American politician (1947–2025)

Larry E. McKibben (January 5, 1947 – November 9, 2025) was an American politician and an Iowa State Senator from the 22nd District. He served in the Iowa Senate from 1997 and was an assistant minority leader until he retired in 2008.

==Life and career==
McKibben received his B.A. (1970) from the University of Northern Iowa and his J.D. (1972) from the University of Iowa College of Law. He was admitted to the Iowa bar in 1973. McKibben served on several committees in the Iowa Senate - the Commerce committee; the State Government committee; the Veterans Affairs committee; the Judiciary committee, where he was ranking member; and the Ways and Means committee, where he was ranking member. He also served on the Transportation, Infrastructure, and Capitals Appropriations Subcommittee.

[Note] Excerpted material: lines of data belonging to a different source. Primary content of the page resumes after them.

(* Let $(Z_k)_{k\in\mathbb{N}}$ be a sequence of independent random variables for which there exist $\alpha,\beta>0$ with $Z_k\in[\alpha,\beta]$ for all $k$. If there exists $p>\tfrac12$ such that $$\limsup_{n\to\infty}\frac{1}{n^p}\sum_{k=1}^n\mathbb{E}[\ln Z_k]<0,$$ then $\lim_{n\to\infty}\prod_{k=1}^nZ_k=0$ almost surely. *)

theory Defs
  imports "HOL-Probability.Probability"
begin

end

theory Submission
  imports Defs "HOL-Real_Asymp.Real_Asymp"
begin

text \<open>Write \<open>Y\<^sub>k = ln Z\<^sub>k\<close>, so that the product is \<open>exp\<close> of the partial sum \<open>S\<^sub>n\<close> of the
  \<open>Y\<^sub>k\<close>, which are independent and take values in \<open>[ln \<alpha>, ln \<beta>]\<close>. By Hoeffding's inequality
  \<open>S\<^sub>n\<close> exceeds its mean by \<open>\<epsilon> n\<^sup>p\<close> with probability at most \<open>exp (-c n\<^sup>2\<^sup>p\<^sup>-\<^sup>1)\<close>; since
  \<open>2p - 1 > 0\<close> these probabilities are summable, so by Borel-Cantelli almost surely
  \<open>S\<^sub>n < E S\<^sub>n + \<epsilon> n\<^sup>p\<close> eventually. The limsup hypothesis gives \<open>E S\<^sub>n \<le> -2\<epsilon> n\<^sup>p\<close> eventually
  for a suitable \<open>\<epsilon> > 0\<close>, hence \<open>S\<^sub>n \<le> -\<epsilon> n\<^sup>p \<longrightarrow> -\<infinity>\<close> and the product tends to \<open>0\<close>.\<close>

lemma summable_exp_neg_powr:
  fixes c q :: real
  assumes "c > 0" "q > 0"
  shows "summable (\<lambda>n::nat. exp (-c * real n powr q))"
proof (rule summable_comparison_test_ev)
  have "((\<lambda>n::nat. real n ^ 2 * exp (-c * real n powr q)) \<longlongrightarrow> 0) at_top"
    using assms by real_asymp
  then have "eventually (\<lambda>n::nat. real n ^ 2 * exp (-c * real n powr q) < 1) at_top"
    by (rule order_tendstoD) simp
  with eventually_gt_at_top[of "0::nat"]
  show "eventually (\<lambda>n::nat. norm (exp (-c * real n powr q)) \<le> inverse (real n ^ 2)) at_top"
    by eventually_elim (simp add: field_simps)
  show "summable (\<lambda>n::nat. inverse (real n ^ 2))"
    using inverse_power_summable[of 2] by simp
qed

lemma eventually_le_neg_powr_if_limsup_neg:
  fixes s :: "nat \<Rightarrow> real" and p :: real
  assumes "limsup (\<lambda>n. ereal (s n / real n powr p)) < 0"
  obtains c where "c > 0" "eventually (\<lambda>n. s n \<le> - c * real n powr p) sequentially"
proof -
  obtain z where z: "limsup (\<lambda>n. ereal (s n / real n powr p)) < ereal z" "z < 0"
    using ereal_dense2[OF assms] by auto
  have "eventually (\<lambda>n. ereal (s n / real n powr p) < ereal z) sequentially"
    using Limsup_lessD[OF z(1)] .
  with eventually_ge_at_top[of "1::nat"]
  have "eventually (\<lambda>n. s n \<le> - (- z) * real n powr p) sequentially"
    by eventually_elim (simp add: divide_less_eq)
  with z(2) show thesis
    by (intro that[of "- z"]) auto
qed

lemma exp_tendsto_0_if_eventually_le_neg_powr:
  fixes s :: "nat \<Rightarrow> real" and c p :: real
  assumes "c > 0" "p > 0" "eventually (\<lambda>n. s n \<le> - c * real n powr p) sequentially"
  shows "(\<lambda>n. exp (s n)) \<longlonglongrightarrow> 0"
proof (rule tendsto_sandwich[OF _ _ tendsto_const])
  show "((\<lambda>n::nat. exp (- c * real n powr p)) \<longlongrightarrow> 0) sequentially"
    using assms(1,2) by real_asymp
  show "eventually (\<lambda>n. exp (s n) \<le> exp (- c * real n powr p)) sequentially"
    using assms(3) by eventually_elim simp
qed simp

context prob_space
begin

lemma Hoeffding_partial_sum_powr:
  fixes Y :: "nat \<Rightarrow> 'a \<Rightarrow> real" and a b \<epsilon> p :: real and n :: nat
  assumes indep: "indep_vars (\<lambda>_. borel) Y UNIV"
    and bounded: "\<And>k x. x \<in> space M \<Longrightarrow> Y k x \<in> {a..b}"
    and "a < b" "\<epsilon> > 0" "n \<ge> 1"
  shows "prob {x \<in> space M. (\<Sum>k=1..n. expectation (Y k)) + \<epsilon> * real n powr p \<le> (\<Sum>k=1..n. Y k x)}
    \<le> exp (- (2 * \<epsilon>\<^sup>2 / (b - a)\<^sup>2) * real n powr (2 * p - 1))"
proof -
  interpret Hoeffding_ineq M "{1..n}" Y "\<lambda>_. a" "\<lambda>_. b" "\<Sum>k=1..n. expectation (Y k)"
  proof unfold_locales
    show "indep_vars (\<lambda>_. borel) Y {1..n}"
      by (rule indep_vars_subset[OF indep]) auto
  qed (use bounded in auto)
  have "prob {x \<in> space M. (\<Sum>k=1..n. expectation (Y k)) + \<epsilon> * real n powr p \<le> (\<Sum>k=1..n. Y k x)}
      \<le> exp (-2 * (\<epsilon> * real n powr p)\<^sup>2 / (real n * (b - a)\<^sup>2))"
    using Hoeffding_ineq_ge[of "\<epsilon> * real n powr p"] assms(3-5) by simp
  also have "-2 * (\<epsilon> * real n powr p)\<^sup>2 / (real n * (b - a)\<^sup>2)
      = - (2 * \<epsilon>\<^sup>2 / (b - a)\<^sup>2) * real n powr (2 * p - 1)"
  proof -
    have "(real n powr p)\<^sup>2 = real n powr (2 * p)"
      by (simp add: power2_eq_square powr_add[symmetric])
    moreover have "real n powr (2 * p - 1) = real n powr (2 * p) / real n"
      using assms(5) by (simp add: powr_diff)
    ultimately show ?thesis
      using assms(3,5) by (simp add: power_mult_distrib field_simps)
  qed
  finally show ?thesis .
qed

lemma AE_eventually_partial_sum_less:
  fixes Y :: "nat \<Rightarrow> 'a \<Rightarrow> real" and a b \<epsilon> p :: real
  assumes indep: "indep_vars (\<lambda>_. borel) Y UNIV"
    and bounded: "\<And>k x. x \<in> space M \<Longrightarrow> Y k x \<in> {a..b}"
    and "a < b" "\<epsilon> > 0" "p > 1/2"
  shows "AE x in M. eventually (\<lambda>n.
    (\<Sum>k=1..n. Y k x) < (\<Sum>k=1..n. expectation (Y k)) + \<epsilon> * real n powr p) sequentially"
proof -
  define A where "A n = {x \<in> space M. (\<Sum>k=1..n. expectation (Y k)) + \<epsilon> * real n powr p \<le> (\<Sum>k=1..n. Y k x)}"
    for n
  have [measurable]: "Y k \<in> borel_measurable M" for k
    using indep unfolding indep_vars_def by auto
  have [measurable]: "A n \<in> sets M" for n
    unfolding A_def by measurable
  have "summable (\<lambda>n. measure M (A n))"
  proof (rule summable_comparison_test_ev)
    show "eventually (\<lambda>n. norm (measure M (A n))
        \<le> exp (- (2 * \<epsilon>\<^sup>2 / (b - a)\<^sup>2) * real n powr (2 * p - 1))) sequentially"
      using eventually_ge_at_top[of "1::nat"]
      by eventually_elim (use Hoeffding_partial_sum_powr[OF assms(1-4)] in \<open>simp add: A_def\<close>)
    show "summable (\<lambda>n::nat. exp (- (2 * \<epsilon>\<^sup>2 / (b - a)\<^sup>2) * real n powr (2 * p - 1)))"
      by (rule summable_exp_neg_powr) (use assms(3-5) in auto)
  qed
  then have "AE x in M. eventually (\<lambda>n. x \<in> space M - A n) sequentially"
    by (intro borel_cantelli_AE1) (auto simp: less_top[symmetric])
  then show ?thesis
    by eventually_elim (auto simp: A_def elim: eventually_mono)
qed

lemma AE_exp_partial_sum_tendsto_0:
  fixes Y :: "nat \<Rightarrow> 'a \<Rightarrow> real" and a b p :: real
  assumes indep: "indep_vars (\<lambda>_. borel) Y UNIV"
    and bounded: "\<And>k x. x \<in> space M \<Longrightarrow> Y k x \<in> {a..b}"
    and "a < b" "p > 1/2"
    and "limsup (\<lambda>n. ereal ((\<Sum>k=1..n. expectation (Y k)) / real n powr p)) < 0"
  shows "AE x in M. (\<lambda>n. exp (\<Sum>k=1..n. Y k x)) \<longlonglongrightarrow> 0"
proof -
  define \<mu> where "\<mu> n = (\<Sum>k=1..n. expectation (Y k))" for n
  obtain c where "c > 0" and \<mu>_le: "eventually (\<lambda>n. \<mu> n \<le> - c * real n powr p) sequentially"
    using eventually_le_neg_powr_if_limsup_neg[of \<mu> p] assms(5) by (auto simp: \<mu>_def)
  have "AE x in M. eventually (\<lambda>n. (\<Sum>k=1..n. Y k x) < \<mu> n + c / 2 * real n powr p) sequentially"
    unfolding \<mu>_def
    by (rule AE_eventually_partial_sum_less[OF indep bounded]) (use assms(3,4) \<open>c > 0\<close> in auto)
  then show ?thesis
  proof eventually_elim
    case (elim x)
    with \<mu>_le have "eventually (\<lambda>n. (\<Sum>k=1..n. Y k x) \<le> - (c / 2) * real n powr p) sequentially"
      by eventually_elim simp
    then show ?case
      by (rule exp_tendsto_0_if_eventually_le_neg_powr[rotated 2]) (use \<open>c > 0\<close> assms(4) in auto)
  qed
qed

end

theorem lemma4:
  fixes M :: "'a measure" and Z :: "nat \<Rightarrow> 'a \<Rightarrow> real"
    and \<alpha> \<beta> p :: real
  assumes "prob_space M"
    and "\<And>k. Z k \<in> borel_measurable M"
    and "prob_space.indep_vars M (\<lambda>_. borel) Z UNIV"
    and "\<alpha> > 0" and "\<beta> > 0"
    and "\<And>k \<omega>. \<omega> \<in> space M \<Longrightarrow> \<alpha> \<le> Z k \<omega> \<and> Z k \<omega> \<le> \<beta>"
    and "p > 1/2"
    and "limsup (\<lambda>n. ereal ((\<Sum>k=1..n. prob_space.expectation M (\<lambda>\<omega>. ln (Z k \<omega>))) / real n powr p)) < 0"
  shows "AE \<omega> in M. (\<lambda>n. \<Prod>k=1..n. Z k \<omega>) \<longlonglongrightarrow> 0"
proof -
  interpret prob_space M by fact
  define Y where "Y = (\<lambda>k \<omega>. ln (Z k \<omega>))"
  have pos: "Z k \<omega> > 0" if "\<omega> \<in> space M" for k \<omega>
    using assms(4) assms(6)[OF that, of k] by linarith
  have indep: "indep_vars (\<lambda>_. borel) Y UNIV"
    unfolding Y_def by (rule indep_vars_compose2[OF assms(3)]) simp
  \<comment> \<open>The lower bound is lowered by 1 so that the range has positive width even when \<open>\<alpha> = \<beta>\<close>.\<close>
  have bounded: "Y k \<omega> \<in> {ln \<alpha> - 1..ln \<beta>}" if "\<omega> \<in> space M" for k \<omega>
  proof -
    have "ln \<alpha> \<le> Y k \<omega>" "Y k \<omega> \<le> ln \<beta>"
      using assms(4) assms(6)[OF that, of k] unfolding Y_def by (simp_all add: ln_mono)
    then show ?thesis by simp
  qed
  obtain \<omega>\<^sub>0 where "\<omega>\<^sub>0 \<in> space M" using not_empty by blast
  then have "\<alpha> \<le> \<beta>" using assms(6) by fastforce
  then have "ln \<alpha> - 1 < ln \<beta>" using assms(4) ln_mono[of \<alpha> \<beta>] by linarith
  have "AE \<omega> in M. (\<lambda>n. exp (\<Sum>k=1..n. Y k \<omega>)) \<longlonglongrightarrow> 0"
    using AE_exp_partial_sum_tendsto_0[OF indep bounded \<open>ln \<alpha> - 1 < ln \<beta>\<close> assms(7)] assms(8)
    unfolding Y_def by blast
  then show ?thesis
    by (rule AE_mp) (auto intro!: AE_I2 simp: Y_def exp_sum pos)
qed

end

McKibben was a candidate for the United States House of Representatives, District 3, in 1998. McKibben was re-elected in 2004 with 14,185 votes (51%), defeating Democratic opponent Wayne Sawtelle. He did not rerun in the 2008 Iowa Senate elections. From 2013 to 2019, McKibben served as a member of the Iowa Board of Regents. In 2017, he considered running for the board presidency, as Bruce Rastetter decided to step down. Michael Richards was elected to succeed Rastetter as board president.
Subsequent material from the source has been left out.